As we inch our way closer to the general election, coverage is going to get ever more feverish. The long reads will get more breathless; minor policy announcements will be picked over as if the future of the nation rested on them; in hundreds of polls of varying type and methodology, each minor deviation will be jumped on as proof of a dramatic shift in public opinion; combinations of cliches bundled together in tedious speeches will be subjected to endless speculation about they what really mean.
This could easily become unbearable. So here are five tips on how best to wade through all this coverage. What are the signals you should be looking for in all the noise? And what can you happily ignore?
But before that a quick note on timing: the election is going to be in the autumn, it was always going to be in the autumn. Thankfully Sunak has dampened the speculation somewhat by saying that. He hasn’t killed it as there is nothing stopping him changing his mind. But, barring a miraculous change in the Tory poll ratings, it will be in the autumn. When exactly in the autumn is not important, but it will probably be later rather than earlier given the strategy is to wait for people to notice economic improvements.[i]
1. Don’t overread polls
I’ll start with a tip that should be obvious and yet remains widely ignored.
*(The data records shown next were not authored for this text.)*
fun reach :: "('a \<Rightarrow> 'a \<Rightarrow> bool) \<Rightarrow> nat \<Rightarrow> 'a \<Rightarrow> 'a \<Rightarrow> bool" where
  "reach E 0 x y = (x = y)"
| "reach E (Suc n) x y = (\<exists>z. E x z \<and> reach E n z y)"

definition gdist :: "('a \<Rightarrow> 'a \<Rightarrow> bool) \<Rightarrow> 'a \<Rightarrow> 'a \<Rightarrow> nat" where
  "gdist E x y = (LEAST n. reach E n x y)"

definition connected_graph :: "'a set \<Rightarrow> ('a \<Rightarrow> 'a \<Rightarrow> bool) \<Rightarrow> bool" where
  "connected_graph V E \<longleftrightarrow> (\<forall>x\<in>V. \<forall>y\<in>V. \<exists>n. reach E n x y)"

definition diameter :: "'a set \<Rightarrow> ('a \<Rightarrow> 'a \<Rightarrow> bool) \<Rightarrow> nat" where
  "diameter V E = Max {gdist E x y | x y. x \<in> V \<and> y \<in> V}"

definition distance_regular ::
  "'a set \<Rightarrow> ('a \<Rightarrow> 'a \<Rightarrow> bool) \<Rightarrow> nat \<Rightarrow> (nat \<Rightarrow> nat) \<Rightarrow> (nat \<Rightarrow> nat) \<Rightarrow> bool" where
  "distance_regular V E D b c \<longleftrightarrow>
     simple_graph V E \<and> connected_graph V E \<and> diameter V E = D \<and>
     (\<forall>i\<le>D. \<forall>x\<in>V. \<forall>y\<in>V. gdist E x y = i \<longrightarrow>
        card {z. E y z \<and> gdist E x z + 1 = i} = c i \<and>
        card {z. E y z \<and> gdist E x z = i + 1} = b i)"

definition intersection_a :: "(nat \<Rightarrow> nat) \<Rightarrow> (nat \<Rightarrow> nat) \<Rightarrow> nat \<Rightarrow> int" where
  "intersection_a b c i = int (b 0) - int (b i) - int (c i)"

definition adj_eigenvalue :: "'a set \<Rightarrow> ('a \<Rightarrow> 'a \<Rightarrow> bool) \<Rightarrow> real \<Rightarrow> bool" where
  "adj_eigenvalue V E \<theta> \<longleftrightarrow> (\<exists>f :: 'a \<Rightarrow> real.
     (\<exists>x\<in>V. f x \<noteq> 0) \<and>
     (\<forall>x\<in>V. (\<Sum>y\<in>{y\<in>V. E x y}. f y) = \<theta> * f x))"

definition adj_eigenvalues :: "'a set \<Rightarrow> ('a \<Rightarrow> 'a \<Rightarrow> bool) \<Rightarrow> real set" where
  "adj_eigenvalues V E = {\<theta>. adj_eigenvalue V E \<theta>}"

definition second_largest_eigenvalue :: "'a set \<Rightarrow> ('a \<Rightarrow> 'a \<Rightarrow> bool) \<Rightarrow> real" where
  "second_largest_eigenvalue V E =
     Max (adj_eigenvalues V E - {Max (adj_eigenvalues V E)})"

definition smallest_eigenvalue :: "'a set \<Rightarrow> ('a \<Rightarrow> 'a \<Rightarrow> bool) \<Rightarrow> real" where
  "smallest_eigenvalue V E = Min (adj_eigenvalues V E)"

definition shilla :: "'a set \<Rightarrow> ('a \<Rightarrow> 'a \<Rightarrow> bool) \<Rightarrow> (nat \<Rightarrow> nat) \<Rightarrow> (nat \<Rightarrow> nat) \<Rightarrow> bool" where
  "shilla V E b c \<longleftrightarrow> distance_regular V E 3 b c \<and>
     second_largest_eigenvalue V E = real_of_int (intersection_a b c 3)"

end

theory Submission
  imports Defs "HOL-Computational_Algebra.Polynomial"
begin

text \<open>The eigenvalues of a distance-regular graph of diameter 3 are the roots of the
  characteristic polynomial of its tridiagonal intersection matrix, the valency k being the
  largest. The Shilla condition theta_1 = a_3 makes a_3 a root of the second leading minor,
  i.e. k = b a_3, and then the quartic factors as (t - k) (t - a_3) q(t) with q(-b) < 0;
  so theta_3 is the smaller root of q and lies below -b.

  For the lower bound let f_x(v) = u_d(x,v)(\<theta>) be the spherical functions of an eigenvalue
  \<theta> and e_xy = f_y - u_1 f_x the edge vectors. For every eigenvalue \<rho>, the squared norm of
  the tensor (sum over y adjacent to x of e_xy(a_3) \<otimes> e_xy(\<rho>)) is a positive multiple of
  (\<rho> + b^2) (k - \<rho>), whence \<rho> \<ge> -b^2. In the case of equality the tensor vanishes, which
  forces u_1(\<rho>) = u_2(\<rho>) = u_3(\<rho>), and the three-term recurrence at distance 3 then
  gives \<rho> = 0.\<close>

lemma sum_product_bilinear:
  fixes A Q :: "'b \<Rightarrow> 'a \<Rightarrow> real" and R T :: "'a \<Rightarrow> real"
  shows "(\<Sum>v\<in>V. \<Sum>v'\<in>V. (\<Sum>y\<in>N. A y v * Q y v') * (R v * T v')) =
    (\<Sum>y\<in>N. (\<Sum>v\<in>V. A y v * R v) * (\<Sum>v'\<in>V. Q y v' * T v'))"
proof -
  have "(\<Sum>y\<in>N. (\<Sum>v\<in>V. A y v * R v) * (\<Sum>v'\<in>V. Q y v' * T v'))
     = (\<Sum>y\<in>N. \<Sum>v\<in>V. \<Sum>v'\<in>V. (A y v * R v) * (Q y v' * T v'))"
    by (simp add: sum_product)
  also have "\<dots> = (\<Sum>v\<in>V. \<Sum>y\<in>N. \<Sum>v'\<in>V. (A y v * R v) * (Q y v' * T v'))"
    by (rule sum.swap)
  also have "\<dots> = (\<Sum>v\<in>V. \<Sum>v'\<in>V. \<Sum>y\<in>N. (A y v * R v) * (Q y v' * T v'))"
    by (intro sum.cong refl) (rule sum.swap)
  also have "\<dots> = (\<Sum>v\<in>V. \<Sum>v'\<in>V. (\<Sum>y\<in>N. A y v * Q y v') * (R v * T v'))"
    by (intro sum.cong refl) (simp add: sum_distrib_right sum_distrib_left mult_ac)
  finally show ?thesis by simp
qed

lemma sum_square_tensor:
  fixes A Q :: "'b \<Rightarrow> 'a \<Rightarrow> real"
  shows "(\<Sum>v\<in>V. \<Sum>v'\<in>V. (\<Sum>y\<in>N. A y v * Q y v')^2) =
    (\<Sum>z\<in>N. \<Sum>y\<in>N. (\<Sum>v\<in>V. A y v * A z v) * (\<Sum>v'\<in>V. Q y v' * Q z v'))"
proof -
  have "(\<Sum>v\<in>V. \<Sum>v'\<in>V. (\<Sum>y\<in>N. A y v * Q y v')^2)
      = (\<Sum>v\<in>V. \<Sum>v'\<in>V. \<Sum>z\<in>N. (\<Sum>y\<in>N. A y v * Q y v') * (A z v * Q z v'))"
    by (simp add: power2_eq_square sum_distrib_left)
  also have "\<dots> = (\<Sum>v\<in>V. \<Sum>z\<in>N. \<Sum>v'\<in>V. (\<Sum>y\<in>N. A y v * Q y v') * (A z v * Q z v'))"
    by (intro sum.cong refl) (rule sum.swap)
  also have "\<dots> = (\<Sum>z\<in>N. \<Sum>v\<in>V. \<Sum>v'\<in>V. (\<Sum>y\<in>N. A y v * Q y v') * (A z v * Q z v'))"
    by (rule sum.swap)
  also have "\<dots> = (\<Sum>z\<in>N. \<Sum>y\<in>N. (\<Sum>v\<in>V. A y v * A z v) * (\<Sum>v'\<in>V. Q y v' * Q z v'))"
    by (intro sum.cong refl) (rule sum_product_bilinear)
  finally show ?thesis .
qed

lemma monic_cubic_neg:
  fixes e2 e1 e0 :: real
  defines "M \<equiv> 1 + \<bar>e2\<bar> + \<bar>e1\<bar> + \<bar>e0\<bar>"
  shows "(-M)^3 + e2 * (-M)^2 + e1 * (-M) + e0 < 0"
proof -
  have M: "M \<ge> 1" unfolding M_def by simp
  have "e2 * M^2 \<le> \<bar>e2\<bar> * M^2" by (simp add: mult_right_mono)
  moreover have "- e1 * M \<le> \<bar>e1\<bar> * M^2"
  proof -
    have "- e1 * M \<le> \<bar>e1\<bar> * M" using M by (intro mult_right_mono) auto
    also have "\<dots> \<le> \<bar>e1\<bar> * M^2" using M by (simp add: mult_left_mono power2_eq_square)
    finally show ?thesis .
  qed
  moreover have "e0 \<le> \<bar>e0\<bar> * M^2"
    using M by (metis abs_ge_self abs_ge_zero mult.right_neutral mult_left_mono one_le_power order_trans)
  ultimately have "(-M)^3 + e2 * (-M)^2 + e1 * (-M) + e0 \<le> -(M^3) + (\<bar>e2\<bar> + \<bar>e1\<bar> + \<bar>e0\<bar>) * M^2"
    by (simp add: algebra_simps power2_eq_square power3_eq_cube)
  also have "\<dots> = -(M^2)" unfolding M_def by (simp add: algebra_simps power2_eq_square power3_eq_cube)
  also have "\<dots> < 0" using M by simp
  finally show ?thesis .
qed

section \<open>Distances in connected simple graphs\<close>

lemma reach_append: "reach E m x y \<Longrightarrow> reach E n y z \<Longrightarrow> reach E (m + n) x z"
  by (induction m arbitrary: x) auto

lemma gdist_le_reach: "reach E n x y \<Longrightarrow> gdist E x y \<le> n"
  unfolding gdist_def by (rule Least_le)

lemma gdist_self: "gdist E x x = 0"
  using gdist_le_reach[of E 0 x x] by simp

locale connected_simple_graph =
  fixes V :: "'a set" and E :: "'a \<Rightarrow> 'a \<Rightarrow> bool"
  assumes simple: "simple_graph V E" and connected: "connected_graph V E"
begin

lemma finite_V: "finite V"
  using simple unfolding simple_graph_def by blast

lemma V_nonempty: "V \<noteq> {}"
  using simple unfolding simple_graph_def by blast

lemma edge_in_V: "E x y \<Longrightarrow> x \<in> V \<and> y \<in> V"
  using simple unfolding simple_graph_def by blast

lemma edge_sym: "E x y \<Longrightarrow> E y x"
  using simple unfolding simple_graph_def by blast

lemma edge_irrefl: "\<not> E x x"
  using simple unfolding simple_graph_def by blast

lemma finite_neighbours: "finite {z \<in> V. E y z}"
  using finite_V by simp

lemma reach_sym: "reach E n x y \<Longrightarrow> reach E n y x"
proof (induction n arbitrary: x)
  case 0
  then show ?case by simp
next
  case (Suc n)
  then obtain z where z: "E x z" "reach E n z y" by auto
  have "reach E n y z" using Suc.IH z(2) by blast
  moreover have "reach E 1 z x" using z(1) edge_sym by auto
  ultimately have "reach E (n + 1) y x" by (rule reach_append)
  then show ?case by simp
qed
There are now ten polling companies doing regular surveys in the UK plus another three or four who do them sporadically. That’s about 40 polls a month and as we get closer to the election many of those firms will start polling more regularly. In the past YouGov have moved to daily polls during the formal campaign. With all these polls these is a lot of random variation due to the margin of error, for most that’s 2 or 3% in either direction.[ii] In December the pollster “We Think” had Labour leads of 16pts, 20pts, 21pts, 14pts, and 17pts. That is just natural variation – nothing changed in the real world to account for those differences.
On top of that we will get, just by the law of averages, occasional “rogue” polls that are wrong outside the margin of error.[iii] These can get people very excited, especially if they happen close to polling day. Ten days before the 1997 election an ICM poll found the Labour lead at just 5%, everyone went mental, but it was rogue.
All of which means the best thing to do for now is just check polling averages. Politico do one as does Sky. That will keep you from freaking out over movements in single polls. Averages aren’t perfect because pollsters use different methodologies, leading to persistent “house effects”, which can’t all be right. But for now they show direction of travel far better than trying to scan every poll. As we get closer to the election I will delve into the different methodologies, why they produce different numbers, and which ones I think make most sense.
2. Poll leads are only part of the story
Most coverage of polling, even if avoids too much emphasis on random variation in individual polls, focuses exclusively on the gap between the two main parties. This does, of course, matter. But in a first past the post system the ways votes are distributed matters too. A lot. In 2005 Labour won by three points and had a majority of 66. In 2010 the Conservatives won by seven points and were 20 seats short of a majority. That was all about distribution.
Which means projecting a result from poll numbers is not at all straightforward.